By Alexander W Chao and Weiren Chou (eds)
World Scientific
Also available at the CERN bookshop
Volume 7 of Reviews of Accelerator Science and Technology is dedicated to colliders and provides an in-depth panorama of the different technologies developed since the construction in the 1960s of the first three: AdA in Italy, CBX in the US, and VEP-1 in the then Soviet Union.
Colliders have been crucial for proving the validity of the Standard Model, and they still define the energy frontier in particle physics because at present no machine can overcome the current LHC limit of 13 TeV in the centre of mass.
The book opens with an article by Burton Richter, a pioneer of high-energy colliders, who shares his viewpoint about their future. This is followed by contributions from leading experts worldwide, who discuss the characteristics, advantages and limits of machines that collide different types of particles. Proton–proton and proton–antiproton colliders are reviewed by Walter Scandale, electron–positron circular colliders by Katsunobu Oide, ion colliders by Wolfram Fischer and John M Jowett, and electron–proton and electron–ion colliders by Ilan Ben-zvi and Vadim Ptitsyn. Akira Yamamoto and Kaoru Yokoya then discuss linear colliders, Robert B Palmer muon colliders, and Jeffrey Gronberg photon colliders.

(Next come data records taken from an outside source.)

lemma concave_on_iff_deriv_antimono:
  fixes f f' :: "real \<Rightarrow> real"
  assumes "open A" "connected A"
    and deriv: "\<And>x. x \<in> A \<Longrightarrow> (f has_real_derivative f' x) (at x)"
  shows "concave_on A f \<longleftrightarrow> antimono_on A f'"
proof
  assume "antimono_on A f'"
  then have "convex_on A (\<lambda>x. - f x)"
  proof (intro convex_on_realI[OF \<open>connected A\<close>])
    show "((\<lambda>x. - f x) has_real_derivative - f' x) (at x)" if "x \<in> A" for x
      using DERIV_minus[OF deriv[OF that]] .
  qed (auto simp: monotone_on_def)
  then show "concave_on A f"
    by (simp add: concave_on_def)
next
  assume conc: "concave_on A f"
  show "antimono_on A f'"
  proof (rule monotone_onI)
    fix x y assume xy: "x \<in> A" "y \<in> A" "x \<le> y"
    have "f y \<le> f x + f' x * (y - x)" "f x \<le> f y + f' y * (x - y)"
      using xy assms by (metis concave_on_below_tangent[OF conc])+
    then have "(f' y - f' x) * (y - x) \<le> 0"
      by (simp add: algebra_simps)
    then show "f' y \<le> f' x"
      using xy by (cases "x = y") (auto simp: mult_le_0_iff)
  qed
qed

lemma concave_on_UNIV_unbounded_below:
  fixes f :: "real \<Rightarrow> real"
  assumes "concave_on UNIV f" "(f has_real_derivative d) (at c)" "d < 0"
  shows "\<exists>x. f x < y"
proof
  define x where "x = c + (f c - y) / (- d) + 1"
  have "f x \<le> f c + d * (x - c)"
    using concave_on_below_tangent[OF assms(1) _ _ _ _ assms(2)] by simp
  also have "\<dots> = y + d"
    using \<open>d < 0\<close> by (simp add: x_def field_simps)
  finally show "f x < y"
    using \<open>d < 0\<close> by simp
qed

lemma concave_on_antimono_inverse:
  fixes f g :: "real \<Rightarrow> real"
  assumes "convex A" "convex B"
    and f: "\<And>x. x \<in> A \<Longrightarrow> f x \<in> B" and g: "\<And>y. y \<in> B \<Longrightarrow> g y \<in> A"
    and gf: "\<And>x. x \<in> A \<Longrightarrow> g (f x) = x" and fg: "\<And>y. y \<in> B \<Longrightarrow> f (g y) = y"
    and mono: "antimono_on B g"
    and conc: "concave_on A f"
  shows "concave_on B g"
  unfolding concave_on_iff
proof (intro conjI \<open>convex B\<close> ballI allI impI)
  fix y1 y2 u v :: real
  assume y: "y1 \<in> B" "y2 \<in> B" and uv: "0 \<le> u" "0 \<le> v" "u + v = 1"
  define z where "z = u *\<^sub>R g y1 + v *\<^sub>R g y2"
  have z: "z \<in> A"
    unfolding z_def using \<open>convex A\<close> g y uv by (simp add: convex_def)
  have "u * f (g y1) + v * f (g y2) \<le> f z"
    using conc g y uv unfolding concave_on_iff z_def by blast
  then have "u *\<^sub>R y1 + v *\<^sub>R y2 \<le> f z"
    using fg y by simp
  moreover have "u *\<^sub>R y1 + v *\<^sub>R y2 \<in> B"
    using \<open>convex B\<close> y uv by (simp add: convex_def)
  ultimately have "g (f z) \<le> g (u *\<^sub>R y1 + v *\<^sub>R y2)"
    using mono f[OF z] by (simp add: monotone_on_def)
  then show "u * g y1 + v * g y2 \<le> g (u *\<^sub>R y1 + v *\<^sub>R y2)"
    using gf[OF z] z_def by simp
qed

lemma is_interval_supp_fun: "is_interval (supp_fun l)"
  unfolding is_interval_1 supp_fun_def by (auto intro: less_le_trans le_less_trans)

lemma convex_g_dom: "convex (g_dom k l)"
proof -
  have "x \<in> g_dom k l" if "a \<in> g_dom k l" "b \<in> g_dom k l" "a \<le> x" "x \<le> b" for a b x
  proof -
    have "x ^ k \<le> b ^ k"
      using that by (auto simp: g_dom_def intro: power_mono)
    then show ?thesis
      using that by (fastforce simp: g_dom_def)
  qed
  then show ?thesis
    unfolding is_interval_convex_1[symmetric] is_interval_1 by blast
qed

locale decreasing_profile =
  fixes l :: "real \<Rightarrow> real"
  assumes nonneg: "\<And>t. 0 < t \<Longrightarrow> 0 \<le> l t"
    and cont: "continuous_on {0<..} l"
    and has_deriv: "\<And>t. t \<in> supp_fun l \<Longrightarrow> (l has_real_derivative deriv l t) (at t)"
    and deriv_neg: "\<And>t. t \<in> supp_fun l \<Longrightarrow> deriv l t < 0"
begin

lemma strict_antimono_on_supp:
  assumes "s \<in> supp_fun l" "t \<in> supp_fun l" "s < t"
  shows "l t < l s"
proof -
  have "x \<in> supp_fun l" if "s \<le> x" "x \<le> t" for x
    using assms that is_interval_supp_fun[of l] unfolding is_interval_1 by blast
  then show ?thesis
    using DERIV_neg_imp_decreasing[OF \<open>s < t\<close>] has_deriv deriv_neg by blast
qed

lemma inj_on_supp: "inj_on l (supp_fun l)"
proof (rule inj_onI)
  fix x y assume "x \<in> supp_fun l" "y \<in> supp_fun l" "l x = l y"
  then show "x = y"
    using strict_antimono_on_supp by (cases x y rule: linorder_cases) force+
qed

lemma pos_on_supp:
  assumes "t \<in> supp_fun l"
  shows "0 < l t"
proof -
  obtain s where s: "0 < s" "0 < l s" "t < s" and "0 < t"
    using assms by (auto simp: supp_fun_def)
  then have "(t + s) / 2 \<in> supp_fun l"
    unfolding supp_fun_def by (intro CollectI conjI exI[of _ s]) auto
  then have "l ((t + s) / 2) < l t"
    using strict_antimono_on_supp[OF assms] s by simp
  moreover have "0 \<le> l ((t + s) / 2)"
    using nonneg \<open>0 < t\<close> s by simp
  ultimately show ?thesis
    by linarith
qed

lemma mem_supp_iff: "t \<in> supp_fun l \<longleftrightarrow> 0 < t \<and> 0 < l t"
proof
  assume "t \<in> supp_fun l"
  then show "0 < t \<and> 0 < l t"
    using pos_on_supp unfolding supp_fun_def by blast
next
  assume t: "0 < t \<and> 0 < l t"
  then have "isCont l t"
    using cont by (simp add: continuous_on_eq_continuous_at)
  then obtain d where d: "d > 0" "\<And>y. dist y t < d \<Longrightarrow> dist (l y) (l t) < l t"
    using t unfolding continuous_at_eps_delta by blast
  have "\<bar>l (t + d/2) - l t\<bar> < l t"
    using d(1) d(2)[of "t + d/2"] by (simp add: dist_real_def)
  then have "0 < l (t + d/2)"
    by linarith
  then show "t \<in> supp_fun l"
    unfolding supp_fun_def using t \<open>d > 0\<close> by (intro CollectI conjI exI[of _ "t + d/2"]) auto
qed

end

locale decreasing_profile_root = decreasing_profile +
  fixes k :: nat
  assumes k_pos: "1 \<le> k"
begin

definition \<psi> :: "real \<Rightarrow> real"
  where "\<psi> t = t * deriv l t / (l t powr (1 - 1 / real k))"

definition \<phi> :: "real \<Rightarrow> real"
  where "\<phi> u = l (exp u) powr (1 / real k)"

definition log_supp :: "real set"
  where "log_supp = exp -` supp_fun l"

lemma open_log_supp: "open log_supp"
proof -
  have "exp u < s \<longleftrightarrow> u < ln s" if "0 < s" for u s :: real
    using that by (metis exp_less_cancel_iff exp_ln)
  then have "log_supp = (\<Union>s\<in>{s. 0 < s \<and> 0 < l s}. {..<ln s})"
    unfolding log_supp_def supp_fun_def by auto
  then show ?thesis
    by (metis open_UN open_lessThan)
qed

lemma convex_log_supp: "convex log_supp"
proof -
  have "x \<in> log_supp" if "a \<in> log_supp" "b \<in> log_supp" "a \<le> x" "x \<le> b" for a b x
  proof -
    have "exp a \<le> exp x" "exp x \<le> exp b"
      using that by simp_all
    then show ?thesis
      using that is_interval_supp_fun[of l] unfolding log_supp_def is_interval_1 vimage_eq by blast
  qed
  then show ?thesis
    unfolding is_interval_convex_1[symmetric] is_interval_1 by blast
qed

lemma has_real_derivative_\<phi>:
  assumes "u \<in> log_supp"
  shows "(\<phi> has_real_derivative \<psi> (exp u) / real k) (at u)"
proof -
  have u: "exp u \<in> supp_fun l"
    using assms by (simp add: log_supp_def)
  have L: "0 < l (exp u)"
    using pos_on_supp[OF u] .
  have "((\<lambda>u. l (exp u)) has_real_derivative deriv l (exp u) * exp u) (at u)"
    using DERIV_chain2[OF has_deriv[OF u] DERIV_exp] .
  from DERIV_fun_powr[OF this L, of "1 / real k"]
  have "(\<phi> has_real_derivative
      1 / real k * l (exp u) powr (1 / real k - 1) * (deriv l (exp u) * exp u)) (at u)"
    unfolding \<phi>_def by simp
  moreover
  have "l (exp u) powr (1 / real k - 1) = inverse (l (exp u) powr (1 - 1 / real k))"
    using powr_minus[of "l (exp u)" "1 - 1 / real k"] by simp
  then have "1 / real k * l (exp u) powr (1 / real k - 1) * (deriv l (exp u) * exp u)
      = \<psi> (exp u) / real k"
    using k_pos L by (simp add: \<psi>_def field_simps)
  ultimately show ?thesis
    by (rule DERIV_cong)
qed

A section of the book is dedicated to the accelerator physics that form the basis of the design of these machines. In particular, Frank Zimmermann provides a general overview of collider-beam physics, while Eugene Levichev goes into more detail discussing the technologies for circular colliders.
The volume concludes with an article by Kwang-Je Kim, Robert J Budnitz and Herman Winick on the life of Andy Sessler, an accelerator physicist considered by his colleagues as an inspiring figure.
Comprehensive and containing contributions by high-profile experts, this book will be a good resource for students, physicists and engineers willing to learn about colliders and accelerator physics.